** Data for this exercise follows **
lemma tendsto_measure_vimage_decseq:
  assumes M: "finite_measure M" and g: "g \<in> M \<rightarrow>\<^sub>M N"
    and T: "range T \<subseteq> sets N" "decseq T" "(\<Inter>k. T k) = {}"
  shows "(\<lambda>k. measure M (g -` T k \<inter> space M)) \<longlonglongrightarrow> 0"
proof -
  interpret finite_measure M by (rule M)
  have "(\<lambda>k. measure M (g -` T k \<inter> space M)) \<longlonglongrightarrow> measure M (\<Inter>k. g -` T k \<inter> space M)"
  proof (rule Lim_measure_decseq)
    show "range (\<lambda>k. g -` T k \<inter> space M) \<subseteq> sets M" using measurable_sets[OF g] T(1) by auto
    show "decseq (\<lambda>k. g -` T k \<inter> space M)" using T(2) unfolding decseq_def by blast
  qed (simp add: emeasure_eq_measure)
  moreover have "(\<Inter>k. g -` T k \<inter> space M) = {}" using T(3) by auto
  ultimately show ?thesis by simp
qed

context
  fixes M :: "'a measure" and N :: "'b measure" and f g :: "'a \<Rightarrow> 'b"
  assumes M: "finite_measure M" and f: "f \<in> M \<rightarrow>\<^sub>M N" and g: "g \<in> M \<rightarrow>\<^sub>M N"
begin

lemma preimage_distance_le_sym_diff:
  assumes E: "E \<in> sets N" and E': "E' \<in> sets N"
  shows "preimage_distance M f g E \<le> preimage_distance M f g E' +
    measure M (f -` sym_diff E E' \<inter> space M) + measure M (g -` sym_diff E E' \<inter> space M)"
proof -
  interpret finite_measure M by (rule M)
  have sets: "f -` X \<inter> space M \<in> sets M" "g -` X \<inter> space M \<in> sets M" if "X \<in> sets N" for X
    using measurable_sets[OF f that] measurable_sets[OF g that] .
  let ?D = "\<lambda>X. sym_diff (f -` X \<inter> space M) (g -` X \<inter> space M)"
  let ?F = "f -` sym_diff E E' \<inter> space M" and ?G = "g -` sym_diff E E' \<inter> space M"
  have D: "?D E' \<in> sets M" using sets[OF E'] by auto
  have "sym_diff E E' \<in> sets N" using E E' by auto
  then have FG: "?F \<in> sets M" "?G \<in> sets M" by (rule sets(1), rule sets(2))
  have "?D E \<subseteq> (?D E' \<union> ?F) \<union> ?G" by blast
  then have "measure M (?D E) \<le> measure M ((?D E' \<union> ?F) \<union> ?G)"
    using D FG by (intro finite_measure_mono) auto
  also have "\<dots> \<le> measure M (?D E' \<union> ?F) + measure M ?G"
    using D FG by (intro measure_Un_le) auto
  also have "\<dots> \<le> measure M (?D E') + measure M ?F + measure M ?G"
    using measure_Un_le[OF D FG(1)] by simp
  finally show ?thesis by (simp add: preimage_distance_def)
qed

lemma preimage_distance_UN_le:
  fixes A :: "nat \<Rightarrow> 'b set"
  assumes A: "range A \<subseteq> sets N"
  shows "preimage_distance M f g (\<Union>i<n. A i) \<le> (\<Sum>i<n. preimage_distance M f g (A i))"
proof -
  interpret finite_measure M by (rule M)
  let ?D = "\<lambda>X. sym_diff (f -` X \<inter> space M) (g -` X \<inter> space M)"
  have sets: "?D (A i) \<in> sets M" for i
    using measurable_sets[OF f, of "A i"] measurable_sets[OF g, of "A i"] A by auto
  have "?D (\<Union>i<n. A i) \<subseteq> (\<Union>i<n. ?D (A i))" by blast
  then have "measure M (?D (\<Union>i<n. A i)) \<le> measure M (\<Union>i<n. ?D (A i))"
    using sets by (intro finite_measure_mono) auto
  also have "\<dots> \<le> (\<Sum>i<n. measure M (?D (A i)))"
    using sets by (intro measure_UNION_le) auto
  finally show ?thesis by (simp add: preimage_distance_def)
qed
** End of Data for this exercise **
• [Try it]
What is the number of lines in the data that hold the word "subseteq"? Reply with that number and nothing else.

• [Task answer]
5